“Ci vorrebbero giornate di 36 ore”.
Quante volte abbiamo sentito questa frase da gente impegnata a correre in maniera forsennata verso un dove mai abbastanza chiaro? Il tempo, maledetto. Quel tempo che non c’era e che nessuno ci avrebbe mai dato. Tempo per fare un corso di inglese, per migliorare qualche nostra competenza, o semplicemente per stare un po’ di più con la nostra famiglia. Poi, all’improvviso, quando meno ce l’aspettavamo e tutto sommato quando meno lo desideravamo – come hai osato, virus democratico e stronzo, fermare la fashion week, la digital tech, i miei eventi e il campionato di calcio – quel tempo è arrivato.
Ah. E ora che si fa?
La prima considerazione che mi viene di fare è che abbiamo allontanato, per un periodo abbastanza lungo, le scuse sul tempo.

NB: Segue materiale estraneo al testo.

lemma block_norm_mult:
  "is_block_norm nrm \<Longrightarrow> R \<subseteq> {0,1} \<Longrightarrow> S \<subseteq> {0,1} \<Longrightarrow> T \<subseteq> {0,1} \<Longrightarrow>
    nrm R T (\<lambda>a a''. \<Sum>a'\<in>S. f a a' * g a' a'') \<le> nrm R S f * nrm S T g"
  by (simp add: is_block_norm_def)

lemma block_norm_diff:
  assumes "is_block_norm nrm" "R \<subseteq> {0,1}" "S \<subseteq> {0,1}"
  shows "nrm R S (\<lambda>a a'. f a a' - g a a') \<le> nrm R S f + nrm R S g"
  using block_norm_add[OF assms, of f "\<lambda>a a'. (-1) * g a a'"]
    block_norm_scale[OF assms, of "-1" g]
  by simp

lemma block_norm_sum:
  assumes "is_block_norm nrm" "R \<subseteq> {0,1}" "S \<subseteq> {0,1}"
  shows "nrm R S (\<lambda>a a'. \<Sum>x\<in>I. F x a a') \<le> (\<Sum>x\<in>I. nrm R S (F x))"
proof (induction I rule: infinite_finite_induct)
  case (infinite I)
  then show ?case using block_norm_eq_0_iff[OF assms, of "\<lambda>a a'. 0"] by simp
next
  case empty
  then show ?case using block_norm_eq_0_iff[OF assms, of "\<lambda>a a'. 0"] by simp
next
  case (insert x I)
  then show ?case
    using block_norm_add[OF assms, of "F x" "\<lambda>a a'. \<Sum>x\<in>I. F x a a'"] by simp
qed

lemma rowblk_subset: "X \<subseteq> UNIV \<times> {0,1} \<Longrightarrow> rowblk X i \<subseteq> {0,1}"
  unfolding rowblk_def by auto

lemma finite_diffset:
  assumes "finite Rw" "finite Cl"
  shows "finite (diffset Rw Cl)"
proof -
  have "diffset Rw Cl = (\<lambda>(i, i'). i - i') ` (fst ` Rw \<times> fst ` Cl)"
    unfolding diffset_def by auto
  then show ?thesis using assms by simp
qed

lemma finite_bracket_candidates:
  assumes "finite Rw" "finite Cl"
  shows "finite (insert 0 {nrm (rowblk Rw i) (rowblk Cl i') (\<lambda>a a'. M (i, a) (i', a')) | i i'.
                            i \<in> fst ` Rw \<and> i' \<in> fst ` Cl \<and> i - i' = n})"
proof -
  have "{nrm (rowblk Rw i) (rowblk Cl i') (\<lambda>a a'. M (i, a) (i', a')) | i i'.
            i \<in> fst ` Rw \<and> i' \<in> fst ` Cl \<and> i - i' = n}
      \<subseteq> (\<lambda>(i, i'). nrm (rowblk Rw i) (rowblk Cl i') (\<lambda>a a'. M (i, a) (i', a'))) ` (fst ` Rw \<times> fst ` Cl)"
    by auto
  then show ?thesis using assms by (simp add: finite_subset)
qed

lemma bracket_nonneg: "finite Rw \<Longrightarrow> finite Cl \<Longrightarrow> bracket nrm Rw Cl M n \<ge> 0"
  unfolding bracket_def by (rule Max_ge[OF finite_bracket_candidates insertI1])

lemma block_le_bracket:
  assumes "finite Rw" "finite Cl" "i \<in> fst ` Rw" "i' \<in> fst ` Cl"
  shows "nrm (rowblk Rw i) (rowblk Cl i') (\<lambda>a a'. M (i, a) (i', a')) \<le> bracket nrm Rw Cl M (i - i')"
  unfolding bracket_def by (rule Max_ge[OF finite_bracket_candidates[OF assms(1,2)]]) (use assms in blast)

lemma bracket_leI:
  assumes "finite Rw" "finite Cl" "c \<ge> 0"
    and "\<And>i i'. i \<in> fst ` Rw \<Longrightarrow> i' \<in> fst ` Cl \<Longrightarrow> i - i' = n \<Longrightarrow>
           nrm (rowblk Rw i) (rowblk Cl i') (\<lambda>a a'. M (i, a) (i', a')) \<le> c"
  shows "bracket nrm Rw Cl M n \<le> c"
  unfolding bracket_def
  by (rule Max.boundedI[OF finite_bracket_candidates[OF assms(1,2)]]) (use assms(3,4) in auto)
theorem lemma2p5:
  shows "FS \<subset> G_B"
proof
  show "FS \<subseteq> G_B"
    using adj_swap_in_G_B unfolding G_B_def by (rule FS_subset_gen_group)
  have "swap_pairs (diag_set 0) \<notin> FS"
    using infinite_support_swap_pairs[OF infinite_diag_set] by (simp add: FS_def)
  then show "FS \<noteq> G_B"
    using swap_pairs_diag_set_in_G_B(1) by blast
qed

end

Lo percepisci quando senti qualcuno al telefono.
“Come va?” (Prima la risposta di un lavoratore/ imprenditore era quasi sempre: “Di corsa. Ma va bene, finché si corre va bene”.
Ora no. Ora la risposta più gettonata è: “Così così. Siamo sospesi”. Poi l’ottimista aggiunge “verranno tempi migliori”, il pessimista cala in un silenzio che non sai riempire.
Siamo sospesi, padroni di un tempo che non eravamo abituati a maneggiare, costretti ai domiciliari da un tiranno che non vuole sentire ragioni. L’unica certezza è che si stava meglio prima, eppure qualcosa di positivo potremmo provare a portarcelo a casa. Al di là delle tasse che non aspettano, dei lavori che in questo momenti latitano, degli incassi che saremo costretti a rimandare.
Approfittare del tempo, senza riempirlo a tutti i costi. Ma facendolo con consapevolezza. Vedo già un brulicare di eventi online a tutte le ore, intento costruttivo e fine nobile, ma forse dovremmo fare un passo alla volta e ripartire da quello che i latini chiamavano – anche professionalmente – ozio. La capacità quindi di dare al tempo una nuova dimensione, di ripartire non sostituendo le corse che facevamo con altre corse online, ma provando a dare nuova dignità alla lettura, alla scrittura, alla manualità, all’arte intesa come mezzo per anelare a qualcosa di più alto, a prescindere da quale sia il nostro lavoro.
Per non sentir più dire che non c’è tempo, e che le giornate dovrebbero durare 36 ore.
Ne guadagneranno i nostri progetti a lungo termine, le nostre ambizioni, le nostre relazioni. Questo è il momento di scegliere attentamente come investire il nostro tempo. Mi piacerebbe lasciarti tre consigli che spero tornino utili quando questa tempesta sarà passata:
- Usa parte di questo tempo per migliorarti: che sia un corso di inglese o sia rifare quel curriculum che non hai mai avuto il tempo di migliorare, approfitta di una di queste sere per farlo.
- Prova a pensare che un periodo così (per fortuna, si spera), non capiterà più: hai un blog sul quale non scrivi da tempo? Un romanzo che ti piacerebbe iniziare? Vuoi imparare a cucinare? Forse questo è il momento migliore per farlo. Magari nessuno di questi obiettivi ti servirà nel tuo lavoro, ma ti tornerà utile questa attitudine. Anche in ufficio.
- Annoiati. Siamo abituati a rifugiarci nei social non appena la noia ci sfiora. In coda all’ufficio postale, dal medico, persino mentre facciamo una passeggiata o nell’intervallo di un film al cinema. Approfittiamo di questo tempo per ricordarci che annoiarsi – e quindi dedicarci ad un sano ozio – favorisce la creatività, dà impulso a nuovi progetti, ci permette di farci sentire ancora più padroni del nostro tempo.
Le giornate non dureranno mai 36 ore. Né adesso, né quando l’emergenza sarà passata. Ma se impariamo a rispettare di più il tempo, potremo renderci conto di quante cose si possono fare in 24 ore. Anche quando riprenderemo a correre.